Action item :: How do the lines below between the ones holding "(BA \<times> BA) BA" and "('a \<times> 'a", inclusive, read? Give them again exactly, with no other lines.

*** Data to examine ***

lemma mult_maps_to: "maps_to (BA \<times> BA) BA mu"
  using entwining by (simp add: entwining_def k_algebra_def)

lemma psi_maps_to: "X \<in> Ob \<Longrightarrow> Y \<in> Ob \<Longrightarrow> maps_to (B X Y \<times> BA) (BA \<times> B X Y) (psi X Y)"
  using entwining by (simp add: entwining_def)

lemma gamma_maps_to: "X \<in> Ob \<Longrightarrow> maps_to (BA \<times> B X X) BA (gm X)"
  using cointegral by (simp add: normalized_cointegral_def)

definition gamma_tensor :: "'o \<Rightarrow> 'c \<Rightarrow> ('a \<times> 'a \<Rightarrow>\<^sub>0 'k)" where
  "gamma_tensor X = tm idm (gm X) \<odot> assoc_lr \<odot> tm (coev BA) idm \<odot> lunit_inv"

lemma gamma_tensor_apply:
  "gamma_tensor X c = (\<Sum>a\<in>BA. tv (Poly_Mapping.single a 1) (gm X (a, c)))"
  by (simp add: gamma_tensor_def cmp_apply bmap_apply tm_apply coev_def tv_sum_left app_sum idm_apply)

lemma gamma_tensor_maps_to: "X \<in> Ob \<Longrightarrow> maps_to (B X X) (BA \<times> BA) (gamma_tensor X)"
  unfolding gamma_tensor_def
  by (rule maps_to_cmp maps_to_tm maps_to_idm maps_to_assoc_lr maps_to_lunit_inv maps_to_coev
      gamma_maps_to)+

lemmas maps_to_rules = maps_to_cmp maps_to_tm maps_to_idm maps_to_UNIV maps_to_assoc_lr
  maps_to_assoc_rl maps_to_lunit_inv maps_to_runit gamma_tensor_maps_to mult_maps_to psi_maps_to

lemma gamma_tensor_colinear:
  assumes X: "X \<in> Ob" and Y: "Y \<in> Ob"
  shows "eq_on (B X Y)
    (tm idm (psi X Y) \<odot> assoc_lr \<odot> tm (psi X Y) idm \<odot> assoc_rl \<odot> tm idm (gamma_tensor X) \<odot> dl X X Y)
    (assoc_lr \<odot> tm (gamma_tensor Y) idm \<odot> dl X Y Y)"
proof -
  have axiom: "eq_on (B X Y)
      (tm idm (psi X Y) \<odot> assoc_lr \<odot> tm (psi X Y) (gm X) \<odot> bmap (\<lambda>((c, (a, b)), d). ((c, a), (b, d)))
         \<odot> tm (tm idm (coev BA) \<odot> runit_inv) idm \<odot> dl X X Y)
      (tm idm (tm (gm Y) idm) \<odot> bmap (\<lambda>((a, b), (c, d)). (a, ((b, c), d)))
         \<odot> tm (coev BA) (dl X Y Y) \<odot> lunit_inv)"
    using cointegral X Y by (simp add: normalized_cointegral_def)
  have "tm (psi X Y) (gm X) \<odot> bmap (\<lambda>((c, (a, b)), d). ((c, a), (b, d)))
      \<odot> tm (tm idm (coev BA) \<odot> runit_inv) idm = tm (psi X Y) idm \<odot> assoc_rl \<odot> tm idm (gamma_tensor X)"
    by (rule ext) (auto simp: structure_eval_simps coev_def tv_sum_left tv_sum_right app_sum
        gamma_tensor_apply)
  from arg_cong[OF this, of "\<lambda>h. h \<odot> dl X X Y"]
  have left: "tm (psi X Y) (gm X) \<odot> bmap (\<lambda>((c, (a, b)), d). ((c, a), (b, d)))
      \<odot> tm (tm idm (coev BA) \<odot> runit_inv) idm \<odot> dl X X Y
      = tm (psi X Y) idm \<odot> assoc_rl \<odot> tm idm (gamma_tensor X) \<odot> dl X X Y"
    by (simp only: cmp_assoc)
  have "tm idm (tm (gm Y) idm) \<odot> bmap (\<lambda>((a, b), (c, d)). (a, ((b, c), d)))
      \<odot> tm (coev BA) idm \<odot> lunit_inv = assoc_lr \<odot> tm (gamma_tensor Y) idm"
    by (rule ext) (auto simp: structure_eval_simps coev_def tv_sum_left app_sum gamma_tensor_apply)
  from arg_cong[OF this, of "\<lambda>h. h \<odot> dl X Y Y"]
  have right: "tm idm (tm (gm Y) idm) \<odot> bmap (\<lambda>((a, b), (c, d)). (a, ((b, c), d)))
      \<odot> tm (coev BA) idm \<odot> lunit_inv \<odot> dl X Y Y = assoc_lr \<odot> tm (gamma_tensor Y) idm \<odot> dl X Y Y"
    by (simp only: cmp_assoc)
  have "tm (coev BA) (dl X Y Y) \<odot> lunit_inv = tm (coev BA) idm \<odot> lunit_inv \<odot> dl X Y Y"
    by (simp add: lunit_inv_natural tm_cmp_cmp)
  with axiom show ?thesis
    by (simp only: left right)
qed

*** End of Data to examine ***
*** Data to examine ***

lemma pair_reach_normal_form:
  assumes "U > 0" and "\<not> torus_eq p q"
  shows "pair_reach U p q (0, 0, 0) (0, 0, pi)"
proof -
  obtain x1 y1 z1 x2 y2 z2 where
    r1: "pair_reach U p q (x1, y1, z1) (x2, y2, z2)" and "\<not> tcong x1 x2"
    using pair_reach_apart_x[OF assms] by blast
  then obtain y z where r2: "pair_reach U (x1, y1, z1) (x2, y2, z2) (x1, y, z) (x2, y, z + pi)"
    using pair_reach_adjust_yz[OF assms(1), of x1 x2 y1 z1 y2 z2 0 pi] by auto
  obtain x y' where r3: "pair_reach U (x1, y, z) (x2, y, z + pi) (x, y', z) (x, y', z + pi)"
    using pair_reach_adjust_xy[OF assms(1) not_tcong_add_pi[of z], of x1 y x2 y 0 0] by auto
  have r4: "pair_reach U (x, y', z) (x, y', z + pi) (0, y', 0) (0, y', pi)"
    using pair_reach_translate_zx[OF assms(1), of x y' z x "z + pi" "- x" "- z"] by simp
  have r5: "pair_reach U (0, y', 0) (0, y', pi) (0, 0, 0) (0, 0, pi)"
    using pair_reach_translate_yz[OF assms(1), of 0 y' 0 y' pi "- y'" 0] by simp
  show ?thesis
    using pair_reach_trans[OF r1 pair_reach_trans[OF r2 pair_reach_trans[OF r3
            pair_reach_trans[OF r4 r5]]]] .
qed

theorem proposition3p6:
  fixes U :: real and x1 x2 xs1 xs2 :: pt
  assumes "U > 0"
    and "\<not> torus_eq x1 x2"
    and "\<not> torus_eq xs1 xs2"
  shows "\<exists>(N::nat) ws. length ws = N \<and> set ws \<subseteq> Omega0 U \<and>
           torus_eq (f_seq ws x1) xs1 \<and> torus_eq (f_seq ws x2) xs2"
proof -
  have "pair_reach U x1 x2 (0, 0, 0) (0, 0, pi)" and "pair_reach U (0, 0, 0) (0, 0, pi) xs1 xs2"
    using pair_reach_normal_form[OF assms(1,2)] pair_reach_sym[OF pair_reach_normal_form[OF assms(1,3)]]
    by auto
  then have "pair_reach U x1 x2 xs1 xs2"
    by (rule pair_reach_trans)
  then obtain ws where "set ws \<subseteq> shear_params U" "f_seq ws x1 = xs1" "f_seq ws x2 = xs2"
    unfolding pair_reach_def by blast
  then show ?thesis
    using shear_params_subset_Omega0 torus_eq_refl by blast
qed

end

*** End of Data to examine ***
*** Data to examine ***

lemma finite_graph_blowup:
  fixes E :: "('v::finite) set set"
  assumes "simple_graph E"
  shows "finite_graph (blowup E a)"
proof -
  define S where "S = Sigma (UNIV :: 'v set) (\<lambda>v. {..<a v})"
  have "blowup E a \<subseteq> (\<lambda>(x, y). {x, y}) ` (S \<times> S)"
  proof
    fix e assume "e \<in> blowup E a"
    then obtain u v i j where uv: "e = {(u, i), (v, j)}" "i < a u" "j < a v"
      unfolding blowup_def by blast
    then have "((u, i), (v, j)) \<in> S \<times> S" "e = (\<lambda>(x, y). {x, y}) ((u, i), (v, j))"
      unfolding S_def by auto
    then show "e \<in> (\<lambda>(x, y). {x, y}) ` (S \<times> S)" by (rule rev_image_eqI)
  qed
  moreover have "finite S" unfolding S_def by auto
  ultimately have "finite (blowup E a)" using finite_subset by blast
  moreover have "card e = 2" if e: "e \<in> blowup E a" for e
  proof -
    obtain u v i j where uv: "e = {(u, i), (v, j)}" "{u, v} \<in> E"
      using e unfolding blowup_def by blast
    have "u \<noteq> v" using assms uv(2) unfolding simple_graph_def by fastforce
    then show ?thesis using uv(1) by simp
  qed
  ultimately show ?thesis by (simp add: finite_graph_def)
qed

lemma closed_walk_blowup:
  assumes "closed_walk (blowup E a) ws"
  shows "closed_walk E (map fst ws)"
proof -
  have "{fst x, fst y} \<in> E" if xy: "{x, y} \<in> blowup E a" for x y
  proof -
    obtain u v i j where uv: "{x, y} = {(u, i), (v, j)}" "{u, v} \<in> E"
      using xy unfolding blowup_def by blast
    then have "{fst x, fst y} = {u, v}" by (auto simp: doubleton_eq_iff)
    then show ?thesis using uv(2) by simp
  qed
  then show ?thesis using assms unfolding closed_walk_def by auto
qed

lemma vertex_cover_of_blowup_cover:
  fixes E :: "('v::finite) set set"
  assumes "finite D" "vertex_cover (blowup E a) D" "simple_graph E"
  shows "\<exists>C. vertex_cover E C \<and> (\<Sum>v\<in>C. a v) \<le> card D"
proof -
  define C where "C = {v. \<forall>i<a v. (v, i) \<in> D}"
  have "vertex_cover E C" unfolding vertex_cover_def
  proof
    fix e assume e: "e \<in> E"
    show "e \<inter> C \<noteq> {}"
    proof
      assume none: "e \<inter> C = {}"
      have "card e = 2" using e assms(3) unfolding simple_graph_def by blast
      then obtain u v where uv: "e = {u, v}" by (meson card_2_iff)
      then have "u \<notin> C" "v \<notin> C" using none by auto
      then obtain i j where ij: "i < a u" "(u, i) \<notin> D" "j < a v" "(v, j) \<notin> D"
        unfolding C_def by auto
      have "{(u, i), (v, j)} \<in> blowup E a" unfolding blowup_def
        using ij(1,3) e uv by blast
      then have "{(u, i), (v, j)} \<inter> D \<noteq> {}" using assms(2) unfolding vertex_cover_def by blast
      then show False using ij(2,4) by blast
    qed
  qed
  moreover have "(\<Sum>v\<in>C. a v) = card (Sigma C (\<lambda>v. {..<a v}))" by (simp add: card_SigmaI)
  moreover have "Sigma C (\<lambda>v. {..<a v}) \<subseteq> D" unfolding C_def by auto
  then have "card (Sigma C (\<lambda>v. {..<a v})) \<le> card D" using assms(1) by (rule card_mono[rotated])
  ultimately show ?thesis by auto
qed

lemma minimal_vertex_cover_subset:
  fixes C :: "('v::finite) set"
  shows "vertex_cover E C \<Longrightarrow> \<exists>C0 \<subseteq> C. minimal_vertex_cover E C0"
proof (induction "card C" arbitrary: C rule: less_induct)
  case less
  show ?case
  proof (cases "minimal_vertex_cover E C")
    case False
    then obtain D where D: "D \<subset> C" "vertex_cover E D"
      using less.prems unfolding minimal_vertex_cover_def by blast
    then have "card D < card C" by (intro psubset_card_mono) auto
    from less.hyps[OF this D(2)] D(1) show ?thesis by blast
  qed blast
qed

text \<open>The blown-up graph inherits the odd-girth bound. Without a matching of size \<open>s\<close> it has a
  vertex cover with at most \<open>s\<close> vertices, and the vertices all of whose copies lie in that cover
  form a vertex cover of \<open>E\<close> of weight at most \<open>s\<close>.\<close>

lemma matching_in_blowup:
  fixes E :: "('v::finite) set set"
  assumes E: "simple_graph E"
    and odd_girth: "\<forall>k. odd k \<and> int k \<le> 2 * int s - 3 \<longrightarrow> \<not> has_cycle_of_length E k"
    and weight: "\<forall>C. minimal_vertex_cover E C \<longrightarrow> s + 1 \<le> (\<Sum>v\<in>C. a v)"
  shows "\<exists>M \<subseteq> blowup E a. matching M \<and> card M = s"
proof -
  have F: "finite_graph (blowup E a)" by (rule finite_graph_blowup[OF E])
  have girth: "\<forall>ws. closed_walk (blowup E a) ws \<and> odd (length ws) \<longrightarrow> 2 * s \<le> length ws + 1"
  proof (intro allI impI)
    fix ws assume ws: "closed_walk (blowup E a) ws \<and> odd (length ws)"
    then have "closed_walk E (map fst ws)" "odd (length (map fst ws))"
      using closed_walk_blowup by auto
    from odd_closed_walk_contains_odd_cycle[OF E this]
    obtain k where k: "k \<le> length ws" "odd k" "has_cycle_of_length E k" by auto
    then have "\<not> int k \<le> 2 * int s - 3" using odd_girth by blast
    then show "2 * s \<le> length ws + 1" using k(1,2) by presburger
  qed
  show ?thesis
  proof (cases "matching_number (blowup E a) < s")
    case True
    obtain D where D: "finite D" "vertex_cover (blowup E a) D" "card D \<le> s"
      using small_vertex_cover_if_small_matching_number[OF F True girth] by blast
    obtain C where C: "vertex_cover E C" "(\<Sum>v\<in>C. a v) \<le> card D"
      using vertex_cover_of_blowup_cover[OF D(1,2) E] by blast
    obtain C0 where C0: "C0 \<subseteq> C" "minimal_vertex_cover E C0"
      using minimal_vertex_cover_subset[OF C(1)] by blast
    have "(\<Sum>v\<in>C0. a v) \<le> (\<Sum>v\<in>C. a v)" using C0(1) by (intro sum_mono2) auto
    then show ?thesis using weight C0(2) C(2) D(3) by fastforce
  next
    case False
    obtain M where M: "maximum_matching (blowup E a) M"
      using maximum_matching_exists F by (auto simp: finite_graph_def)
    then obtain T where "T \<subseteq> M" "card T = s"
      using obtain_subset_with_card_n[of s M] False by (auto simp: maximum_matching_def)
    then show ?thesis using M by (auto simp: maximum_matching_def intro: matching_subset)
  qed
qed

*** End of Data to examine ***

Result of the task ::
lemma mult_maps_to: "maps_to (BA \<times> BA) BA mu"
  using entwining by (simp add: entwining_def k_algebra_def)

lemma psi_maps_to: "X \<in> Ob \<Longrightarrow> Y \<in> Ob \<Longrightarrow> maps_to (B X Y \<times> BA) (BA \<times> B X Y) (psi X Y)"
  using entwining by (simp add: entwining_def)

lemma gamma_maps_to: "X \<in> Ob \<Longrightarrow> maps_to (BA \<times> B X X) BA (gm X)"
  using cointegral by (simp add: normalized_cointegral_def)

definition gamma_tensor :: "'o \<Rightarrow> 'c \<Rightarrow> ('a \<times> 'a \<Rightarrow>\<^sub>0 'k)" where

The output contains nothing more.